DATA FOR THIS TASK section start

(* Let $\vec{k}=(k_1,\dots,k_n)$ be a vector of positive integers, let $\mathcal{K}$ be the set of all vectors obtained by permuting the entries of $\vec{k}$, and let $\mathcal{D}_{\mathcal{K}}=\bigcup_{\vec{k}'\in\mathcal{K}}\mathcal{D}_{\vec{k}'}$. For every $\overline{D}\in\mathcal{D}_{\mathcal{K}}$, with sweep map image $D=\Phi(\overline{D})$, we have $$\operatorname{dinv}(\overline{D})=\operatorname{area}(D)\qquad\text{and}\qquad \operatorname{area}(\overline{D})=\operatorname{bounce}(D).$$
   Context: For a vector $\vec{k}=(k_1,\dots,k_n)$ of positive integers put $|\vec{k}|=\sum_i k_i$. A $\vec{k}$-Dyck path is a word $D=\sigma_1\sigma_2\cdots\sigma_N$, $N=|\vec{k}|+n$, consisting of $n$ "red arrows" (north/up steps) and $|\vec{k}|$ "blue arrows" $W$ (east/down steps), where the $j$-th red arrow from the left is $S^{k_j}$, of length $\ell(S^{k_j})=k_j$; a red arrow $S^{k_j}$ has value $k_j$ and each $W$ has value $-1$. Define ranks $r_1=0$ and $r_{m+1}=r_m+(\text{value of }\sigma_m)$; it is required that $r_m\ge 0$ for all $m$ (then $r_{N+1}=0$). The starting rank of the step $\sigma_m$ is $r(\sigma_m)=r_m$ and its end rank is $\dot r(\sigma_m)=r_{m+1}$. Geometrically (model 3), $D$ is the lattice path from $(0,0)$ to $(N,0)$ never below the horizontal axis, with up steps $(1,k_j)$ and down steps $(1,-1)$, and ranks are the $y$-coordinates of starting points. Equivalently (model 1), $D$ is a lattice path from $(0,0)$ to $(|\vec{k}|,|\vec{k}|)$ never below $y=x$, with north steps of lengths $k_1,\dots,k_n$ (bottom to top) and unit east steps; the rank of a vertex is $y-x$. Let $\mathcal{D}_{\vec{k}}$ be the set of $\vec{k}$-Dyck paths. For steps $A,B$ of $D$, write $A<B$ if $A$ is to the left of $B$, and $A<^sB$ (sweep order) if $r(A)<r(B)$, or $r(A)=r(B)$ and $B<A$. Sweep map: $\Phi(\overline{D})$ is the word obtained by listing the steps of $\overline{D}$ in increasing sweep order (bottom to top by starting rank, right to left at equal rank). For $\overline{D}\in\mathcal{D}_{\vec{k}}$, $\Phi(\overline{D})$ is a $\vec{k}'$-Dyck path for some rearrangement $\vec{k}'$ of $\vec{k}$, and $\Phi$ is a bijection of $\mathcal{D}_{\mathcal{K}}$ to itself. Area: $\operatorname{area}(D)=\sum_{S} r(S)$, summed over all red arrows $S$ of $D$. Dinv: $\operatorname{dinv}(D)$ is the sum of two parts. (1) Sweep dinv: the number of pairs $(W,S)$ with $W$ a blue arrow, $S$ a red arrow, $W<S$, such that $W$ sweeps $S$, i.e. $W$ intersects $S$ when $W$ is moved to the right past $S$ along a line of slope $\epsilon$, $0<\epsilon\ll1$; equivalently $r(S)\le r(W)\le \dot r(S)$. (2) Red dinv: $\sum_{S_i<S_j}\chi\big(r(S_i)\ge r(S_j)\ \&\ \dot r(S_j)>\dot r(S_i)\big)(\dot r(S_j)-\dot r(S_i))+\sum_{S_i<S_j}\chi\big(r(S_i)<r(S_j)\ \&\ \dot r(S_j)<\dot r(S_i)\big)(\dot r(S_i)-\dot r(S_j))$, over pairs of red arrows. Bounce: let $D$ be a $\vec{k}'$-Dyck path with red arrow lengths $k'_1,\dots,k'_n$ (left to right), $|\vec{k}'|=K$. For $0\le x<K$ let $N(x)$ be the number of red arrows preceding the $(x+1)$-st letter $W$ of $D$ (in model 1: the number of north steps before the unique east step starting at abscissa $x$). Build a tableau with $n$ columns, column $j$ having $k'_j+1$ cells whose entries are $t_j,t_j+1,\dots,t_j+k'_j$ from top to bottom, where the top entries $t_j$ are assigned as follows. Set $x_0=0$, $v_0=N(0)$, and give top entry $0$ to columns $1,\dots,v_0$. Recursively, for $i\ge0$, let $h_i$ be the number of cells with entry $i+1$ among the columns filled so far and $x_{i+1}=x_i+h_i$; if $x_{i+1}=K$, stop; otherwise let $v_{i+1}=N(x_{i+1})-N(x_i)$ and give top entry $i+1$ to columns $N(x_i)+1,\dots,N(x_{i+1})$. Then $\operatorname{bounce}(D)=\sum_{i\ge0} i\,v_i$, the sum of the top entries. *)

theory Defs
  imports Main "HOL-Library.Multiset" "HOL-Library.Product_Lexorder"
begin

text \<open>A step of a path: a red arrow S^k (north/up step of length k) or a blue arrow W.\<close>
datatype step = Red nat | Blue

fun is_red :: "step \<Rightarrow> bool" where
  "is_red (Red _) = True" | "is_red Blue = False"

fun val :: "step \<Rightarrow> int" where
  "val (Red k) = int k" | "val Blue = -1"

definition red_lengths :: "step list \<Rightarrow> nat list" where
  "red_lengths D = [k. Red k \<leftarrow> D]"

text \<open>Starting rank of the step at (0-based) position m: r_{m+1} in the paper;
  rank D (length D) is the final rank.\<close>
definition rank :: "step list \<Rightarrow> nat \<Rightarrow> int" where
  "rank D m = sum_list (map val (take m D))"

definition erank :: "step list \<Rightarrow> nat \<Rightarrow> int" where
  "erank D m = rank D (Suc m)"

definition is_kdyck :: "nat list \<Rightarrow> step list \<Rightarrow> bool" where
  "is_kdyck ks D \<longleftrightarrow> red_lengths D = ks \<and> count_list D Blue = sum_list ks
     \<and> (\<forall>m \<le> length D. rank D m \<ge> 0)"

definition Dyck_K :: "nat list \<Rightarrow> step list set" where
  "Dyck_K ks = {D. \<exists>ks'. mset ks' = mset ks \<and> is_kdyck ks' D}"

definition sweep :: "step list \<Rightarrow> step list" where
  "sweep D = map (\<lambda>m. D ! m) (sort_key (\<lambda>m. (rank D m, - int m)) [0..<length D])"

definition area :: "step list \<Rightarrow> int" where
  "area D = (\<Sum>m\<in>{m. m < length D \<and> is_red (D ! m)}. rank D m)"

definition sweep_dinv :: "step list \<Rightarrow> nat" where
  "sweep_dinv D = card {(i, j). i < j \<and> j < length D \<and> D ! i = Blue \<and> is_red (D ! j)
      \<and> rank D j \<le> rank D i \<and> rank D i \<le> erank D j}"

definition red_dinv :: "step list \<Rightarrow> int" where
  "red_dinv D =
     (\<Sum>(i, j)\<in>{(i, j). i < j \<and> j < length D \<and> is_red (D ! i) \<and> is_red (D ! j)}.
        (if rank D i \<ge> rank D j \<and> erank D j > erank D i then erank D j - erank D i else 0)
      + (if rank D i < rank D j \<and> erank D j < erank D i then erank D i - erank D j else 0))"

definition dinv :: "step list \<Rightarrow> int" where
  "dinv D = int (sweep_dinv D) + red_dinv D"

text \<open>N(x): number of red arrows preceding the (x+1)-st letter W (x 0-based).\<close>
definition Nred :: "step list \<Rightarrow> nat \<Rightarrow> nat" where
  "Nred D x = (let p = filter (\<lambda>m. D ! m = Blue) [0..<length D] ! x
               in length (filter is_red (take p D)))"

DATA FOR THIS TASK section end

== EXERCISE DESCRIPTION ==
Copy from the entries above each line in which the string "erank" can be found.

== FINAL ANSWER ==
definition erank :: "step list \<Rightarrow> nat \<Rightarrow> int" where
  "erank D m = rank D (Suc m)"
      \<and> rank D j \<le> rank D i \<and> rank D i \<le> erank D j}"
        (if rank D i \<ge> rank D j \<and> erank D j > erank D i then erank D j - erank D i else 0)
      + (if rank D i < rank D j \<and> erank D j < erank D i then erank D i - erank D j else 0))"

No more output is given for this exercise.